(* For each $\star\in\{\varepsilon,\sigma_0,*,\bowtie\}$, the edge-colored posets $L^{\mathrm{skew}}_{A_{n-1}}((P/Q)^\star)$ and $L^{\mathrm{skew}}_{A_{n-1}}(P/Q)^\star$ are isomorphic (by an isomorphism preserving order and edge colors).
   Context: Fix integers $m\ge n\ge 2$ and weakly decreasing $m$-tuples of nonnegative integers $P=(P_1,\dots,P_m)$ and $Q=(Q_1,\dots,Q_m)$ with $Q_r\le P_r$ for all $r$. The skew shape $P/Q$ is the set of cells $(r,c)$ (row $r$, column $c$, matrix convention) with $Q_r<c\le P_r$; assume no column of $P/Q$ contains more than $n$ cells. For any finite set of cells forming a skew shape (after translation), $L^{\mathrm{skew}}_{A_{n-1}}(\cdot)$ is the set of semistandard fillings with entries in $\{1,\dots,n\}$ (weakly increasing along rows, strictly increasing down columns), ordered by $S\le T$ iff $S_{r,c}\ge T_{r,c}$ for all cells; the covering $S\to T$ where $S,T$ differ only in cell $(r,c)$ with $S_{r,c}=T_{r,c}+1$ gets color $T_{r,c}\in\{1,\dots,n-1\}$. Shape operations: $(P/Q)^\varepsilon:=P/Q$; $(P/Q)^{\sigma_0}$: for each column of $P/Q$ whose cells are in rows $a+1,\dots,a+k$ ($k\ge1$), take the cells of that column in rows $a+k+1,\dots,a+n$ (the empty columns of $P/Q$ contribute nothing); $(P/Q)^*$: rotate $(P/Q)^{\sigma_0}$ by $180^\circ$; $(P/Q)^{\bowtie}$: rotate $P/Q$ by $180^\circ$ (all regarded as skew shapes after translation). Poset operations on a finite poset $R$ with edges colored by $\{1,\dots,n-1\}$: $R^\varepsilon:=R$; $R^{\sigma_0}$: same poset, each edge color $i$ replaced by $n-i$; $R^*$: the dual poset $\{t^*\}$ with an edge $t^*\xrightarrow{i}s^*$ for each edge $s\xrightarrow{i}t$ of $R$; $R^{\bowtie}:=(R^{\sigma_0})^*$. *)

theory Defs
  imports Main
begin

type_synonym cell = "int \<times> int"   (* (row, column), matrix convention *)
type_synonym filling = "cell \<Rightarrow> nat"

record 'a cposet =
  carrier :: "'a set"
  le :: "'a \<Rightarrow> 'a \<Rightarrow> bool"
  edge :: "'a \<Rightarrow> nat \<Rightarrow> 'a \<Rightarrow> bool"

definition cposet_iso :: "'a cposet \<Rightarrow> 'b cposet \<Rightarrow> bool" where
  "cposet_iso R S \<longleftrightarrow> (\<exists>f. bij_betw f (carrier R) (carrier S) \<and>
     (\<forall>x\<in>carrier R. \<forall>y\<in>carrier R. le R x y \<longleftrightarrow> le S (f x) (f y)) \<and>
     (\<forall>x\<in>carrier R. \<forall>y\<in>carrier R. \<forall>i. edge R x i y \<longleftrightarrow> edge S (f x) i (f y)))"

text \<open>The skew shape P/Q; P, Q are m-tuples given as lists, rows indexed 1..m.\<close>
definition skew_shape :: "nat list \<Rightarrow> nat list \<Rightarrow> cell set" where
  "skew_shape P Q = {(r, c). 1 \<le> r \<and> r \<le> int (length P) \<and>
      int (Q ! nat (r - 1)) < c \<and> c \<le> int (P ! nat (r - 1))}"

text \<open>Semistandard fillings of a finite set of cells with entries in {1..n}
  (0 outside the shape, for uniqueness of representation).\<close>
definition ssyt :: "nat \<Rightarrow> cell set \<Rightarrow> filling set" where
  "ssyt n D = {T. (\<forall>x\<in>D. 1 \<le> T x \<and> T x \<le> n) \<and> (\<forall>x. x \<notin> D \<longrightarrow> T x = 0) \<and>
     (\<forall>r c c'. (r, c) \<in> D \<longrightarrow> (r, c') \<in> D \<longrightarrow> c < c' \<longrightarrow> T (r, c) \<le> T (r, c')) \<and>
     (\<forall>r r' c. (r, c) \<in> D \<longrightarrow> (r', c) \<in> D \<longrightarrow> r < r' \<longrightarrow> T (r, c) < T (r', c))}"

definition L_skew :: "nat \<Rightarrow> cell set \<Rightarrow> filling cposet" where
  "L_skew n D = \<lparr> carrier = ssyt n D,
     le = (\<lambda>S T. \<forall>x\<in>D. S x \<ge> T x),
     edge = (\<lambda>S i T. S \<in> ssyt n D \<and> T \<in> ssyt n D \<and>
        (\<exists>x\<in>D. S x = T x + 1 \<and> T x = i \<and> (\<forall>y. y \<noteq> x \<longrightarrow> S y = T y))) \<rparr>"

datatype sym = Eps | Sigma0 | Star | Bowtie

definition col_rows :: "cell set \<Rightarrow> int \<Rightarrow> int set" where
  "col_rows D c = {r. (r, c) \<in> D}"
++++
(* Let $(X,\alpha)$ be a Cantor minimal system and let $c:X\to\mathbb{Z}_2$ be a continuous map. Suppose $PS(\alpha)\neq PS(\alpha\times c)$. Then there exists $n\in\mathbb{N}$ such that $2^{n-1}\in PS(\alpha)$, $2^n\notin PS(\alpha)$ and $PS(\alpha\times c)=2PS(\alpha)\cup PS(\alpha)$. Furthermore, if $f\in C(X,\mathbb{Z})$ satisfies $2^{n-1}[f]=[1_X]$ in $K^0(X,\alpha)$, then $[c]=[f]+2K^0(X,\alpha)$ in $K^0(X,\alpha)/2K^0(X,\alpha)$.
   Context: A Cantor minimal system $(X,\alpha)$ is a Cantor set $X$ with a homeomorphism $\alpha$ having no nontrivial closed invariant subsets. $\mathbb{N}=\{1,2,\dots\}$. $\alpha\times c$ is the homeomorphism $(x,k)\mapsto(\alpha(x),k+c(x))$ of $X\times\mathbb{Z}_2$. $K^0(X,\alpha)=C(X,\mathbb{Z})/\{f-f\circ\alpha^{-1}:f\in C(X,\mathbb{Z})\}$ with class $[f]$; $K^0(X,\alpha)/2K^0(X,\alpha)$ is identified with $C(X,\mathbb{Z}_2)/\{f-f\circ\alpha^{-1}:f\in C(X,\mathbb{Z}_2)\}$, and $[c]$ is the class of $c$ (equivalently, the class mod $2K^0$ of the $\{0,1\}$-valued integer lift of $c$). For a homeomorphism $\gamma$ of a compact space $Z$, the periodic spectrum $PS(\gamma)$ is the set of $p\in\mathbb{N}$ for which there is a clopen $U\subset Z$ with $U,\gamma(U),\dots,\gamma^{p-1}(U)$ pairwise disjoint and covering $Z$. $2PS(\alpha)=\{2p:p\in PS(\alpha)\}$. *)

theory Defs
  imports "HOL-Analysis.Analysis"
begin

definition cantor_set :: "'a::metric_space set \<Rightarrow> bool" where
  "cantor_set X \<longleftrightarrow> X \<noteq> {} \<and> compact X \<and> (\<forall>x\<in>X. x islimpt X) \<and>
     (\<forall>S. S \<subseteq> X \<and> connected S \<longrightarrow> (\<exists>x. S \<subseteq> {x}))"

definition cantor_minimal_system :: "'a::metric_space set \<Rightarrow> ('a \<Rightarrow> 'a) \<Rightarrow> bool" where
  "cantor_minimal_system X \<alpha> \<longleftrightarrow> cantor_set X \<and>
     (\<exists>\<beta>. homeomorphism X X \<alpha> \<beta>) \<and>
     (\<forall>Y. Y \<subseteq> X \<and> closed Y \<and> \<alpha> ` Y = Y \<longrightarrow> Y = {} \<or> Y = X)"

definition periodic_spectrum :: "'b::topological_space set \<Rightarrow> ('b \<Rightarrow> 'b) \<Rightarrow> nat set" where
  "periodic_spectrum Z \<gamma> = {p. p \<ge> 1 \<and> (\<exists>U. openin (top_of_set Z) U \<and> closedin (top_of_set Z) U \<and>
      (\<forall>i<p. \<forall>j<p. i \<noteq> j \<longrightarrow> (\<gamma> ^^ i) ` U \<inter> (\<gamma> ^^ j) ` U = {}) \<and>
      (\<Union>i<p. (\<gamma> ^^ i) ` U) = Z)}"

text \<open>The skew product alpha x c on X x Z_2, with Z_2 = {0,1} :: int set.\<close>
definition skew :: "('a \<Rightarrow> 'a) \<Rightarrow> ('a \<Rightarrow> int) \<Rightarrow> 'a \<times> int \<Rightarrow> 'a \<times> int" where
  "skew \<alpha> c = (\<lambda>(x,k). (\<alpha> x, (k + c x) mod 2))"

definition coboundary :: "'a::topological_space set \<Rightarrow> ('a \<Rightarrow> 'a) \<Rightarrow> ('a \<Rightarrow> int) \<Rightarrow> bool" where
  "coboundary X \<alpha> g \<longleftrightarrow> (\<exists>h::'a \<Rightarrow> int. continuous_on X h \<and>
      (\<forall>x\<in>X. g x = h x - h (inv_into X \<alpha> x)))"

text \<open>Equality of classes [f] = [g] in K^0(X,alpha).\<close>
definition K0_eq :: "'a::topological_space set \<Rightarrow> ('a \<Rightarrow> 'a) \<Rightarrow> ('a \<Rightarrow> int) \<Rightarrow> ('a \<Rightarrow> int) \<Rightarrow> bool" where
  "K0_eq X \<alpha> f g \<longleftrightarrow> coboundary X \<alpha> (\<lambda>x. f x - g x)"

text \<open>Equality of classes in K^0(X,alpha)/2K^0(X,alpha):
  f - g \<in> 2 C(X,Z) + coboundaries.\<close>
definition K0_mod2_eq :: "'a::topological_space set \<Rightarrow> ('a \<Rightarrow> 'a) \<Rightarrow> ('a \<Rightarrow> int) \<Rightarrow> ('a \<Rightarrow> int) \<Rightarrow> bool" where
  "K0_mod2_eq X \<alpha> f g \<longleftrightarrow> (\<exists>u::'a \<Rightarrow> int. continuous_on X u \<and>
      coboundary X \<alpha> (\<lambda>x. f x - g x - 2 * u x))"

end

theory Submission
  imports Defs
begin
++++
■ **WORK ORDER**
The word is "classes". Copy every line above where it appears.

■ **EXPECTED ANSWER**
text \<open>Equality of classes [f] = [g] in K^0(X,alpha).\<close>
text \<open>Equality of classes in K^0(X,alpha)/2K^0(X,alpha):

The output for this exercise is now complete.